如何使用未装箱可变向量
import Control.Monad.ST
import Data.STRef
import qualified Data.Vector.Unboxed as V
import qualified Data.Vector.Unboxed.Mutable as MV
-- what the heck is that s?
new0 :: (MV.Unbox a, Num a) => ST s (MV.STVector s a)
new0 = do
v <- MV.new 10
MV.write v 1 10
MV.write v 2 10
return v
new1 :: (MV.Unbox a) => IO (MV.IOVector a)
new1 = MV.new 10
new2 :: (MV.Unbox a, Num a) => IO (MV.STVector RealWorld a)
new2 = do
v <- MV.new 10
MV.write v 1 10
return v
我正在实施 QuickSort 算法,我选择 Data.Vector.Unboxed.Mutable
我对两个问题完全迷失了:
- 如何选择合适的
Monad:IO或ST - 如何从
ST. 谁能告诉我如何打印new0?
解决方案:
我从这个示例代码中得到了一些灵感
为了更好地理解STmonad,请查看原始论文:Lazy Functional State Threads
这是一个代码片段,展示了如何使用可变向量进行快速排序:
import Control.Monad.Primitive
import Control.Monad.ST (runST)
import Prelude hiding (read)
import Data.List (partition)
import qualified Data.Vector.Unboxed as V
import qualified Data.Vector.Unboxed.Mutable as M
partitionV :: (PrimMonad m, Ord a, V.Unbox a)
=> M.MVector (PrimState m) a -> Int -> Int -> m Int
partitionV v p r = do
let i = p
x <- M.unsafeRead v r
go i p x
where
go i j x | j < r = do
jv <- M.unsafeRead v j
if jv < x
then M.unsafeSwap v i j >> go (i+1) (j+1) x
else go i (j+1) x
go i _ _ = do
M.unsafeSwap v i r
return i
quickSortV :: (PrimMonad m, Ord a, V.Unbox a)
=> M.MVector (PrimState m) a -> m ()
quickSortV v | M.length v < 2 = return ()
quickSortV v = do
i <- partitionV v 0 (M.length v - 1)
quickSortV (M.unsafeSlice 0 i v)
quickSortV (M.unsafeSlice (i + 1) (M.length v - 1 - i) v)
-- note the difference between for loop and recursive call
test l = runST $ do
mv <- V.thaw l
quickSortV mv
V.freeze mv
quickSort :: (Ord a) => [a] -> [a]
quickSort [] = []
quickSort (x : xs) =
let (lt, gt) = partition (<= x) xs
in quickSort lt ++ [x] ++ quickSort gt
回答
该ST单子是当你要采取一些不可改变的数据,使其暂时可变的,用它做什么,并使其再次不可改变。
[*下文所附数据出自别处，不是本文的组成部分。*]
(* Let $G\subset E'$ be a separating linear subspace, let $(T^{E}_{m},T^{\mathbb{K}}_{m})_{m\in\mathcal{M}}$ be a strong, consistent family for $(\mathcal{FV},E)$, and let $U$ be a set of uniqueness for $\mathcal{FV}(\Omega)$. Then the restriction map \[ R_{U,G}\colon S(\mathcal{FV}(\Omega)\varepsilon E)\to \mathcal{FV}_{G}(U,E),\quad f\mapsto (T^{E}_{m}(f)(x))_{(m,x)\in U}, \] is injective.
   Context: $\mathbb{K}\in\{\mathbb{R},\mathbb{C}\}$; $E$ is a non-trivial locally convex Hausdorff space (lcHs) over $\mathbb{K}$ with a directed fundamental system of seminorms $(p_\alpha)_{\alpha\in\mathfrak{A}}$ (for $E=\mathbb{K}$ the system is $\{|\cdot|\}$); $E'$ is its topological dual. A linear subspace $G\subset E'$ is separating if $e'(x)=0$ for all $e'\in G$ implies $x=0$. Weighted function spaces: Let $\Omega,J,L$ be non-empty sets, $(M_l)_{l\in L}$ non-empty sets and $\mathcal{V}=((\nu_{j,l,m})_{m\in M_l})_{j\in J,l\in L}$ functions $\nu_{j,l,m}\colon\Omega\to[0,\infty)$ such that for all $x\in\Omega$, $l\in L$ there is $j\in J$ with $\nu_{j,l,m}(x)>0$ for all $m\in M_l$. Let $\mathcal{M}_{\mathrm{top}}:=\bigcup_{l}M_l$ and $\mathcal{M}_0,\mathcal{M}_r$ sets such that the three are pairwise disjoint; $\mathcal{M}:=\mathcal{M}_{\mathrm{top}}\cup\mathcal{M}_0\cup\mathcal{M}_r$. Let $(\omega_m)_{m\in\mathcal{M}}$ be non-empty sets with $\Omega\subset\omega_m$ for $m\in\mathcal{M}_{\mathrm{top}}$. For $F\in\{E,\mathbb{K}\}$ let $T^{F}_m\colon \operatorname{dom}T^F_m\subset F^\Omega\to F^{\omega_m}$ be linear maps, $m\in\mathcal{M}$. Put $W(\Omega,F):=\bigcap_{m\in\mathcal{M}}\operatorname{dom}T^F_m\cap\bigcap_{m\in\mathcal{M}_0}\ker T^F_m$ and $\mathcal{FV}(\Omega,F):=\{f\in W(\Omega,F): |f|_{j,l,\alpha}<\infty\ \forall j\in J,l\in L,\alpha\}$ where $|f|_{j,l,\alpha}:=\sup_{x\in\Omega,m\in M_l}p_\alpha(T^F_m(f)(x))\nu_{j,l,m}(x)$, topologised by these seminorms; $\mathcal{FV}(\Omega):=\mathcal{FV}(\Omega,\mathbb{K})$ with seminorms $|f|_{j,l}$. Write $T^F_{m,x}(f):=T^F_m(f)(x)$. Such a space is a dom-space if its system of seminorms is directed and, in the scalar case, all point evaluations $\delta_x\colon f\mapsto f(x)$, $x\in\Omega$, are continuous on $\mathcal{FV}(\Omega)$. $\mathcal{FV}(\Omega)\varepsilon E$ is the space of continuous linear maps $\mathcal{FV}(\Omega)'_\kappa\to E$ ($\kappa$: topology of uniform convergence on absolutely convex compact subsets of $\mathcal{FV}(\Omega)$) with the topology of uniform convergence on equicontinuous sets; $S\colon \mathcal{FV}(\Omega)\varepsilon E\to E^\Omega$, $S(u)(x):=u(\delta_x)$. If $\mathcal{FV}(\Omega)$ and $\mathcal{FV}(\Omega,E)$ are dom-spaces built with the same data $\Omega,\mathcal{V},\mathcal{M}_{\mathrm{top}},\mathcal{M}_0,\mathcal{M}_r,(\omega_m)$ and operators $T^{\mathbb{K}}_m$ resp. $T^E_m$, then $(T^E_m,T^{\mathbb{K}}_m)_{m\in\mathcal{M}}$ is a defining family for $(\mathcal{FV},E)$. It is consistent if for all $u\in\mathcal{FV}(\Omega)\varepsilon E$, $m\in\mathcal{M}$, $x\in\omega_m$: $S(u)\in\operatorname{dom}T^E_m$, the restriction of $T^{\mathbb{K}}_{m,x}$ to $\mathcal{FV}(\Omega)$ lies in $\mathcal{FV}(\Omega)'$, and $T^E_m(S(u))(x)=u(T^{\mathbb{K}}_{m,x})$. It is strong if for all $e'\in E'$, $f\in\mathcal{FV}(\Omega,E)$, $m\in\mathcal{M}$: $e'\circ f\in\operatorname{dom}T^{\mathbb{K}}_m$ and $T^{\mathbb{K}}_m(e'\circ f)=e'\circ T^E_m(f)$ on $\omega_m$. A set $U\subset\bigcup_{m\in\mathcal{M}}\{m\}\times\omega_m$ is a set of uniqueness for $\mathcal{FV}(\Omega)$ if $T^{\mathbb{K}}_{m,x}\in\mathcal{FV}(\Omega)'$ for all $(m,x)\in U$ and every $f\in\mathcal{FV}(\Omega)$ with $T^{\mathbb{K}}_m(f)(x)=0$ for all $(m,x)\in U$ is $0$. For separating $G\subset E'$, $\mathcal{FV}_G(U,E)$ is the set of $f\colon U\to E$ such that for every $e'\in G$ there is (a necessarily unique) $f_{e'}\in\mathcal{FV}(\Omega)$ with $T^{\mathbb{K}}_m(f_{e'})(x)=e'(f(m,x))$ for all $(m,x)\in U$. For strong consistent families the map $R_{U,G}$ in the claim takes values in $\mathcal{FV}_G(U,E)$. *)

theory Defs
  imports "HOL-Analysis.Analysis" "HOL-Library.Function_Algebras"
begin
特别是,没有办法从STmonad返回可变结果(按设计)。
特别是,STVector是可变的,所以它永远不会离开STmonad。所以没有办法“打印出来” new0。您必须将其转换为不可变的内容才能将其从STmonad 中返回。
如果你想改变某些东西,打印出来,再改变一点,打印出来等等,你可能想要 IO monad。该ST单子是做什么暂时可变的,最终产生一个普通的immeduate结果。
关于s类型变量:这是一个小技巧,它强制执行可变数据不能离开的属性ST。该runST函数需要一个适用于每个可能选择的操作s。这意味着不可能返回任何包含s. 由于所有可变内容都包含s在其类型签名中,因此这加强了我们的保证。
- This is helpful. They should put it in the doc, in layman's term and with an example
- @daydaynatation you are writing a quicksort function. is sorts its input, and produces its sorted version. even if you've implemented it incorrectly, it will always do *something*, *some thing*, the *same* thing according to the code you wrote. the only way to introduce unpredictable change is to use some I/O means by an `IO` code, like random, or making some decision depending on some unpredictable external source. but there's no escape from `IO`. there is escape from `ST` because there's no unpredictability in it, no randomness, no I/O. all *that* lives in `IO` monad, not `ST` monad.